Critique du volume manga
Publiée le Mercredi, 01 Décembre 2021
Bien qu'il soit considéré comme l'un des maîtres de la science-fiction au Japon, au point d'avoir remporté plusieurs prix dans le domaine, Yukinobu Hoshino est un mangaka qui fut boudé pendant pas mal d'années en France, avant de revenir à plusieurs reprises ces dernières années. Pendant longtemps, nous ne le connaissions dans notre pays que pour Le Trou Bleu, l'un des premiers mangas édités par Casterman dès 1996 dans une édition qui souffrait de tous les défauts de l'époque, et qui a été réédité par Pika cette année tandis que sa suite Blue World arrivera en 2022. Il a ensuite fallu attendre fin 2012 pour que Glénat fasse découvrir son chef d'oeuvre 2001 Night Stories dans une édition difficile d'accès (édition collector limitée, vendue au prix fort), puis 2017 pour que Panini entame l'édition d'une autre série de l'auteur, Rain Man, dont on attend malheureusement toujours la suite. Pour un auteur si reconnu, c'est peu... mais dans tout ça, les éditions Black Box ont, elles aussi, eu l'excellente idée de vouloir faire découvrir un peu plus Hoshino en publiant simultanément, au mois de mai 2019, deux de ses oeuvres. Tout d'abord, Moon Lost -Une nuit sans lune-, fresque SF en deux tomes véritablement excellente, et que l'on ne peut que recommander aux fans du genre. Et ensuite, l'ouvrage qui nous intéresse ici: Kamunabi -Mythes et récits au féminin-. Ce one-shot est-il autant une bonne pioche que Moon Lost ? malheureusement, pas si sûr...

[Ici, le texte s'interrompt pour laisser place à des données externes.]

(* For the localized tent shears described in the context, the projective process $(\phi_n(x),D_x\phi_nu/|D_x\phi_nu|)$ on $\mathbb T^2\times\mathbb P^1$ is irreducible.
   Context: Let $F_0$ be the $1$-periodic piecewise linear function with $F_0(\frac12\pm\frac18)=0$, $F_0(\frac12)=1$, linear on $[\frac38,\frac12]$ and $[\frac12,\frac58]$, and zero on $[0,1]\setminus[\frac38,\frac58]$; $F_\alpha(x)=F_0(x-\alpha)$; $v_{\alpha,1}(x)=(F_\alpha(x_2),0)$, $v_{\alpha,2}(x)=(0,F_\alpha(x_1))$ on $\mathbb T^2$. Let $(\alpha_n,\beta_n,i_n)_{n\ge1}$ be i.i.d. uniform on $[0,1]\times[0,1]\times\{1,2\}$, $V_n=\beta_nv_{\alpha_n,i_n}$, $\varphi^w$ the time-1 flow of $w$, and $\phi_n=\varphi^{V_n}\circ\cdots\circ\varphi^{V_1}$. $\mathbb P^1$ is the space of lines through the origin in $\mathbb R^2$. A Markov chain on state space $E$ is irreducible if for every $z\in E$ and nonempty open $O\subseteq E$ there is $n$ with $\mathbb P(Z_n\in O\mid Z_0=z)>0$. *)

theory Defs
  imports "HOL-Probability.Probability"
begin

definition F0 :: "real \<Rightarrow> real" where
  "F0 x = (let y = frac x in
           if 3/8 \<le> y \<and> y \<le> 1/2 then 8 * (y - 3/8)
           else if 1/2 < y \<and> y \<le> 5/8 then 8 * (5/8 - y)
           else 0)"

definition Fa :: "real \<Rightarrow> real \<Rightarrow> real" where
  "Fa \<alpha> x = F0 (x - \<alpha>)"

text \<open>Shear vector fields v_{alpha,i}, lifted to the universal cover R^2 of T^2.\<close>
definition vfield :: "real \<Rightarrow> nat \<Rightarrow> real \<times> real \<Rightarrow> real \<times> real" where
  "vfield \<alpha> i x = (if i = 1 then (Fa \<alpha> (snd x), 0) else (0, Fa \<alpha> (fst x)))"

definition flow1 :: "(real \<times> real \<Rightarrow> real \<times> real) \<Rightarrow> real \<times> real \<Rightarrow> real \<times> real" where
  "flow1 w x = (THE y. y 0 = x \<and> (\<forall>t. (y has_vector_derivative w (y t)) (at t))) 1"
(* Let $g(n,k)$ be the number of $k$-faces of $I(\mathfrak{gl}_n,V\oplus\bigwedge^2)$ and $G_n(t)=\sum_{k=0}^n g(n,k)t^k$. Then for every $n\ge0$ and real $t>0$, writing $r=\sqrt{t(1+t)}$, \[ G_n(t)=\frac{(t+r)(1+t+r)^n-(t-r)(1+t-r)^n}{2r}. \]
   Context: Identify the diagonal Cartan subalgebra of $\mathfrak{gl}_n$ with $\mathbb{R}^n$ with coordinates $x_1,\dots,x_n$. Let $W=\{x_1\ge\cdots\ge x_n\}$ and $W^0=\{x_1>\cdots>x_n\}$. For $1\le i\le j\le n$ let $\lambda_{i,j}^\perp$ be the hyperplane $x_i+x_j=0$ (for $i=j$: $x_i=0$). The arrangement $I(\mathfrak{gl}_n,V\oplus\bigwedge^2)$ consists of these hyperplanes restricted to $W$. Its chambers are the closures of the connected components of $W^0\setminus\bigcup\lambda_{i,j}^\perp$; a face is a chamber or the intersection of a chamber with a supporting hyperplane; a $k$-face is a face whose linear span has dimension $k$. *)

theory Defs
  imports "HOL-Analysis.Analysis" "HOL-Library.Function_Algebras"
begin

text \<open>Points of R^n are modelled as functions nat => real vanishing outside {0..<n};
  coordinate x_(i+1) of the paper is x i here. The ambient topology on nat => real is the
  product topology (Function_Topology), which on this closed subspace is the Euclidean one.\<close>

definition Rn :: "nat \<Rightarrow> (nat \<Rightarrow> real) set" where
  "Rn n = {x. \<forall>i\<ge>n. x i = 0}"
theorem lemma2:
  fixes D :: "(real ^ 3) set" and k a :: real and f :: "real \<Rightarrow> real"
    and u :: "real ^ 3 \<Rightarrow> real"
  assumes "open D" and "connected D" and "D \<noteq> {}" and "bounded D"
    and "lipschitz_boundary D"
    and "k > 0" and "a \<ge> 0"
    and "continuous_on {v. \<bar>v\<bar> \<ge> a} f"
    and "bounded (f ` {-a..a})"
    and "\<exists>J. finite J \<and> J \<subseteq> {-a..a} \<and> continuous_on ({-a..a} - J) f \<and>
           (\<forall>v\<in>J. (\<exists>l. (f \<longlongrightarrow> l) (at_left v)) \<and> (\<exists>l. (f \<longlongrightarrow> l) (at_right v)))"
    and "\<forall>v. \<bar>v\<bar> \<ge> a \<longrightarrow> v * f v \<ge> 0"
    and "H2 D u" and "H01 D u"
    and "solves_eq D k f u"
  shows "AE x in lebesgue. x \<in> D \<longrightarrow> \<bar>u x\<bar> \<le> a"
proof -
  have D: "D \<in> lmeasurable"
    using \<open>bounded D\<close> \<open>open D\<close> by (rule lmeasurable_open)
  obtain g' G where g': "\<And>i. weak_pd D i u (g' i)" and G: "\<And>i j. weak_pd D j (g' i) (G i j)"
    and eq: "AE x in lebesgue. x \<in> D \<longrightarrow> - (\<Sum>i\<in>UNIV. G i i x) + k\<^sup>2 * u x + f (u x) = 0"
    using \<open>solves_eq D k f u\<close> unfolding solves_eq_def by blast
  have bound: "AE x in lebesgue. x \<in> D \<longrightarrow> \<sigma> * u x \<le> a" if "\<sigma> = 1 \<or> \<sigma> = -1" for \<sigma> :: real
  proof (rule weak_maximum_principle[OF D \<open>H01 D u\<close> \<open>a \<ge> 0\<close> g' G])
    show "AE x in lebesgue. x \<in> D \<longrightarrow> \<sigma> * u x > a \<longrightarrow> \<sigma> * (\<Sum>i\<in>UNIV. G i i x) > 0"
      using eq by eventually_elim
        (use laplacian_sign_above_level[OF _ \<open>k > 0\<close> \<open>a \<ge> 0\<close> \<open>\<forall>v. \<bar>v\<bar> \<ge> a \<longrightarrow> v * f v \<ge> 0\<close> that]
          in blast)
  qed
  have "AE x in lebesgue. x \<in> D \<longrightarrow> 1 * u x \<le> a" "AE x in lebesgue. x \<in> D \<longrightarrow> -1 * u x \<le> a"
    by (rule bound; simp)+
  then show ?thesis
    by eventually_elim auto
qed

end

Kamunabi, c'est un ouvrage d'environ 200 pages, initialement sorti au Japon en 2001 chez Shôgakukan, et qui se compose de 5 histoires qui furent a priori initialement prépubliées dans le magazine Big Comic, l'édition ne précisant pas quand exactement. Et si l'on peut considérer l'unique volume comme un tout et non comme un recueil d'histoires courtes indépendantes, c'est parce que ces histoires ont toutes la même héroïnes et qu'elles affichent toute une même idée: exploiter voire revisiter différents mythes et légendes.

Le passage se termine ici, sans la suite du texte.